-- Provided data follows --

definition idm :: "nat set \<Rightarrow> cmat" where
  "idm S = (\<lambda>i j. if i \<in> S \<and> i = j then 1 else 0)"

definition supported :: "nat set \<Rightarrow> cmat \<Rightarrow> bool" where
  "supported S A \<longleftrightarrow> (\<forall>i j. (i \<notin> S \<or> j \<notin> S) \<longrightarrow> A i j = 0)"

definition GLset :: "nat set \<Rightarrow> cmat set" where
  "GLset S = {A. supported S A \<and>
     (\<exists>B. supported S B \<and> mmul S A B = idm S \<and> mmul S B A = idm S)}"

definition act :: "nat set \<Rightarrow> cmat \<Rightarrow> mpoly \<Rightarrow> mpoly" where
  "act S g f = subst (\<lambda>i. if i \<in> S then (\<Sum>j \<in> S. Const (g i j) * Var j) else Var i) f"

definition GL_group :: "nat set \<Rightarrow> cmat monoid" where
  "GL_group S = \<lparr>carrier = GLset S, mult = mmul S, one = idm S\<rparr>"

definition sym_set :: "nat set \<Rightarrow> (nat \<Rightarrow> nat) \<Rightarrow> mpoly \<Rightarrow> cmat set" where
  "sym_set S w W = {g \<in> GLset S. act S g W = W \<and>
      (\<forall>i \<in> S. \<forall>j \<in> S. w i \<noteq> w j \<longrightarrow> g i j = 0)}"

definition sym_group :: "nat set \<Rightarrow> (nat \<Rightarrow> nat) \<Rightarrow> mpoly \<Rightarrow> cmat monoid" where
  "sym_group S w W = \<lparr>carrier = sym_set S w W, mult = mmul S, one = idm S\<rparr>"

end

theory Submission
  imports Defs
begin

(*
  In an eigenbasis y = P x of g, with x = Q y and weights preserved by P, the polynomial
  W' = W(Q y) is invariant under y_i \<mapsto> \<lambda>_i y_i.  Differentiating, \<partial>W'/\<partial>y_k is multiplied by
  \<lambda>_k under this scaling, so it vanishes on the fixed locus V^g = {y_i = 0 for \<lambda>_i \<noteq> 1} unless
  \<lambda>_k = 1, where it restricts to \<partial>W^g/\<partial>y_k.  Hence restriction f \<mapsto> (Q f)|V^g is a surjective
  ring map C[x] \<rightarrow> R^g carrying the Jacobian ideal of W into that of W^g, and the Jacobi ring of
  W^g, being a quotient of that of W, is finite dimensional.  Quasihomogeneity survives because Q
  commutes with the weight scaling.  An element h of the centralizer commutes with diag(\<lambda>), so
  P h Q preserves V^g and its complement, and its V^g-block gives a homomorphism
  C_G(g) \<rightarrow> G_{W^g}.
*)

abbreviation lookup :: "('a \<Rightarrow>\<^sub>0 'b::zero) \<Rightarrow> 'a \<Rightarrow> 'b" where
  "lookup \<equiv> Poly_Mapping.lookup"
abbreviation keys :: "('a \<Rightarrow>\<^sub>0 'b::zero) \<Rightarrow> 'a set" where
  "keys \<equiv> Poly_Mapping.keys"
abbreviation single :: "'a \<Rightarrow> 'b \<Rightarrow> ('a \<Rightarrow>\<^sub>0 'b::zero)" where
  "single \<equiv> Poly_Mapping.single"

section \<open>Substitution and partial derivatives\<close>

lemma Const_0 [simp]: "Const 0 = 0"
  by (simp add: Const_def)

lemma Const_1 [simp]: "Const 1 = 1"
  by (simp add: Const_def)

lemma Const_add: "Const (a + b) = Const a + Const b"
  by (simp add: Const_def single_add)

lemma Const_mult: "Const (a * b) = Const a * Const b"
  by (simp add: Const_def mult_single)

lemma Const_diff: "Const (a - b) = Const a - Const b"
  by (simp add: Const_def single_diff)

lemma Const_sum: "Const (sum f A) = (\<Sum>x\<in>A. Const (f x))"
  by (induction A rule: infinite_finite_induct) (auto simp: Const_add)

lemma Const_mult_single: "Const c * single m a = single m (c * a)"
  by (simp add: Const_def mult_single)

lemma Const_eq_0_iff [simp]: "Const c = 0 \<longleftrightarrow> c = 0"
  by (metis Const_def lookup_single_eq lookup_zero single_zero)

lemma poly_mapping_eq_sum_single: "(p :: 'a \<Rightarrow>\<^sub>0 'b::comm_monoid_add) = (\<Sum>m\<in>keys p. single m (lookup p m))"
proof (rule poly_mapping_eqI)
  fix k
  have "lookup (\<Sum>m\<in>keys p. single m (lookup p m)) k = (\<Sum>m\<in>keys p. if m = k then lookup p m else 0)"
    by (simp add: lookup_sum lookup_single when_def)
  also have "\<dots> = lookup p k"
    by (simp add: in_keys_iff)
  finally show "lookup p k = lookup (\<Sum>m\<in>keys p. single m (lookup p m)) k"
    by simp
qed

lemma mult_eq_sum_single:
  "p * q = (\<Sum>m1\<in>keys p. \<Sum>m2\<in>keys q. single (m1 + m2) (lookup p m1 * lookup q m2))"
proof -
  have "p * q = (\<Sum>m1\<in>keys p. single m1 (lookup p m1)) * (\<Sum>m2\<in>keys q. single m2 (lookup q m2))"
    by (metis poly_mapping_eq_sum_single)
  then show ?thesis
    by (simp add: sum_product mult_single)
qed

definition mpoly_extend :: "((nat \<Rightarrow>\<^sub>0 nat) \<Rightarrow> mpoly) \<Rightarrow> mpoly \<Rightarrow> mpoly" where
  "mpoly_extend f p = (\<Sum>m\<in>keys p. Const (lookup p m) * f m)"

lemma mpoly_extend_eq_sum:
  "finite K \<Longrightarrow> keys p \<subseteq> K \<Longrightarrow> mpoly_extend f p = (\<Sum>m\<in>K. Const (lookup p m) * f m)"
  unfolding mpoly_extend_def by (rule sum.mono_neutral_left) (auto simp: in_keys_iff)
(* Let $D=(\alpha,\beta)_{\mathbb Q}$ be a quaternion division algebra and $p\neq2$ a prime with $v_p(\alpha)=v_p(\beta)=0$ and $\alpha$ a square in $\mathbb Q_p$. Identify $G_p$ with $\mathrm{SL}_2(\mathbb Q_p)$ via the isomorphism $x_1+x_2e_2+x_3e_3+x_4e_4\mapsto\begin{pmatrix}x_1+x_2\sqrt\alpha & \beta(x_3+x_4\sqrt\alpha)\\ x_3-x_4\sqrt\alpha & x_1-x_2\sqrt\alpha\end{pmatrix}$. Then the action of the norm-1 group $G$ of $D$ on the tree $\Delta_p$ of $\mathrm{SL}_2(\mathbb Q_p)$ is Weyl transitive.
   Context: $(\alpha,\beta)_{\mathbb Q}$ has basis $1,e_2,e_3,e_4$ with $e_2^2=\alpha$, $e_3^2=\beta$, $e_2e_3=-e_3e_2=e_4$ and norm $N(x)=x_1^2-\alpha x_2^2-\beta x_3^2+\alpha\beta x_4^2$; $D_p=D\otimes\mathbb Q_p$; $G$, $G_p$ are the norm-1 groups of $D$, $D_p$, and $G\subset G_p$. $\Delta_p$ is the Bruhat–Tits tree of $\mathrm{SL}_2(\mathbb Q_p)$ (vertices: homothety classes of $\mathbb Z_p$-lattices in $\mathbb Q_p^2$, adjacent if representatives satisfy $L\supset L'\supset pL$), a building whose chambers are edges, with infinite dihedral Weyl group $W$ and Weyl distance $\delta$. The action is Weyl transitive if for every $w\in W$, $G$ is transitive on pairs of chambers $(C,C')$ with $\delta(C,C')=w$. *)

theory Defs
  imports Complex_Main "HOL-Computational_Algebra.Primes"
begin

definition pval :: "nat \<Rightarrow> rat \<Rightarrow> int" where
  "pval p q = (let (a, b) = quotient_of q in
     int (multiplicity (int p) a) - int (multiplicity (int p) b))"

text \<open>A field 'k of characteristic 0 with a valuation v (meaningful on nonzero
  elements) extending the p-adic valuation of Q, complete, and in which Q is dense.
  These properties characterise Q_p up to unique isomorphism.\<close>

definition is_Qp :: "nat \<Rightarrow> ('k::field_char_0 \<Rightarrow> int) \<Rightarrow> bool" where
  "is_Qp p v \<longleftrightarrow>
     (\<forall>x y. x \<noteq> 0 \<longrightarrow> y \<noteq> 0 \<longrightarrow> v (x * y) = v x + v y) \<and>
     (\<forall>x y. x \<noteq> 0 \<longrightarrow> y \<noteq> 0 \<longrightarrow> x + y \<noteq> 0 \<longrightarrow> v (x + y) \<ge> min (v x) (v y)) \<and>
     (\<forall>q. q \<noteq> 0 \<longrightarrow> v (of_rat q) = pval p q) \<and>
     (\<forall>x N. \<exists>q. x = of_rat q \<or> v (x - of_rat q) \<ge> N) \<and>
     (\<forall>f :: nat \<Rightarrow> 'k.
        (\<forall>N. \<exists>M. \<forall>m\<ge>M. \<forall>n\<ge>M. f m = f n \<or> v (f m - f n) \<ge> N) \<longrightarrow>
        (\<exists>L. \<forall>N. \<exists>M. \<forall>n\<ge>M. f n = L \<or> v (f n - L) \<ge> N))"

definition Zp :: "('k::field_char_0 \<Rightarrow> int) \<Rightarrow> 'k set" where
  "Zp v = {x. x = 0 \<or> v x \<ge> 0}"

type_synonym quat = "rat \<times> rat \<times> rat \<times> rat"

fun qmult :: "rat \<Rightarrow> rat \<Rightarrow> quat \<Rightarrow> quat \<Rightarrow> quat" where
  "qmult \<alpha> \<beta> (a1, a2, a3, a4) (b1, b2, b3, b4) =
     (a1*b1 + \<alpha>*a2*b2 + \<beta>*a3*b3 - \<alpha>*\<beta>*a4*b4,
      a1*b2 + a2*b1 - \<beta>*a3*b4 + \<beta>*a4*b3,
      a1*b3 + a3*b1 + \<alpha>*a2*b4 - \<alpha>*a4*b2,
      a1*b4 + a4*b1 + a2*b3 - a3*b2)"

fun qnorm :: "rat \<Rightarrow> rat \<Rightarrow> quat \<Rightarrow> rat" where
  "qnorm \<alpha> \<beta> (x1, x2, x3, x4) = x1^2 - \<alpha>*x2^2 - \<beta>*x3^2 + \<alpha>*\<beta>*x4^2"

definition quat_division_algebra :: "rat \<Rightarrow> rat \<Rightarrow> bool" where
  "quat_division_algebra \<alpha> \<beta> \<longleftrightarrow> \<alpha> \<noteq> 0 \<and> \<beta> \<noteq> 0 \<and>
     (\<forall>x. x \<noteq> (0,0,0,0) \<longrightarrow> (\<exists>y. qmult \<alpha> \<beta> x y = (1,0,0,0)))"

definition normone :: "rat \<Rightarrow> rat \<Rightarrow> quat set" where
  "normone \<alpha> \<beta> = {x. qnorm \<alpha> \<beta> x = 1}"

text \<open>The identification G_p = SL_2(Q_p), with s a chosen square root of alpha;
  matrices act on column vectors (u1,u2).\<close>
fun quat_mat_act :: "rat \<Rightarrow> 'k::field_char_0 \<Rightarrow> quat \<Rightarrow> 'k \<times> 'k \<Rightarrow> 'k \<times> 'k" where
  "quat_mat_act \<beta> s (x1, x2, x3, x4) (u1, u2) =
     ((of_rat x1 + of_rat x2 * s) * u1 + of_rat \<beta> * (of_rat x3 + of_rat x4 * s) * u2,
      (of_rat x3 - of_rat x4 * s) * u1 + (of_rat x1 - of_rat x2 * s) * u2)"

definition lattice_span :: "('k::field_char_0 \<Rightarrow> int) \<Rightarrow> 'k \<times> 'k \<Rightarrow> 'k \<times> 'k \<Rightarrow> ('k \<times> 'k) set" where
  "lattice_span v e f =
     {(x * fst e + y * fst f, x * snd e + y * snd f) | x y. x \<in> Zp v \<and> y \<in> Zp v}"

definition is_lattice :: "('k::field_char_0 \<Rightarrow> int) \<Rightarrow> ('k \<times> 'k) set \<Rightarrow> bool" where
  "is_lattice v L \<longleftrightarrow> (\<exists>e f. fst e * snd f - snd e * fst f \<noteq> 0 \<and> L = lattice_span v e f)"
(* Let $F : \mathbb{C}^n \to \mathbb{C}^n$ be entire, and suppose the Koopman operator $\mathcal{K}_F g = g\circ F$ is bounded on $H_G(\mathbb{C}^n)$ (with domain all of $H_G(\mathbb{C}^n)$). Then there exist a matrix $A \in \mathbb{C}^{n\times n}$ and a vector $b \in \mathbb{C}^n$ such that $F(z) = Az + b$ for all $z \in \mathbb{C}^n$.
   Context: $H_G(\mathbb{C}^n)$ denotes the RKHS of entire functions on $\mathbb{C}^n$ with reproducing kernel $K_G(z,w) = \exp\!\left(-\tfrac12 \sum_{j=1}^n (z_j - \overline{w_j})^2\right)$. This is the complexified native space of the Gaussian RBF kernel $\exp(-\|x-y\|^2/2)$. Equivalently, $H_G(\mathbb{C}^n) = \{ g(z)e^{-\sum_j z_j^2/2} : g\in F^2(\mathbb{C}^n)\}$, where $F^2(\mathbb{C}^n)$ is the Fock space with kernel $e^{\sum_j \overline{w_j}z_j}$. *)

theory Defs
  imports "HOL-Analysis.Analysis"
begin

text \<open>Holomorphy of a function of several complex variables: complex Frechet differentiability
  at every point (derivative real-linear and complex-homogeneous).\<close>
definition entire_fun :: "(complex ^ 'n \<Rightarrow> complex) \<Rightarrow> bool" where
  "entire_fun f \<longleftrightarrow>
     (\<forall>z. \<exists>L. (f has_derivative L) (at z) \<and> (\<forall>c v. L (c *s v) = c * L v))"

definition entire_map :: "(complex ^ 'n \<Rightarrow> complex ^ 'n) \<Rightarrow> bool" where
  "entire_map F \<longleftrightarrow> (\<forall>k. entire_fun (\<lambda>z. F z $ k))"

definition KG :: "complex ^ 'n \<Rightarrow> complex ^ 'n \<Rightarrow> complex" where
  "KG z w = exp (- (\<Sum>j\<in>UNIV. (z $ j - cnj (w $ j))^2) / 2)"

-- Provided data concluded --

**Task requirements**
The answer must be a single number: the count of lines above that contain "metis".

**Output below**
2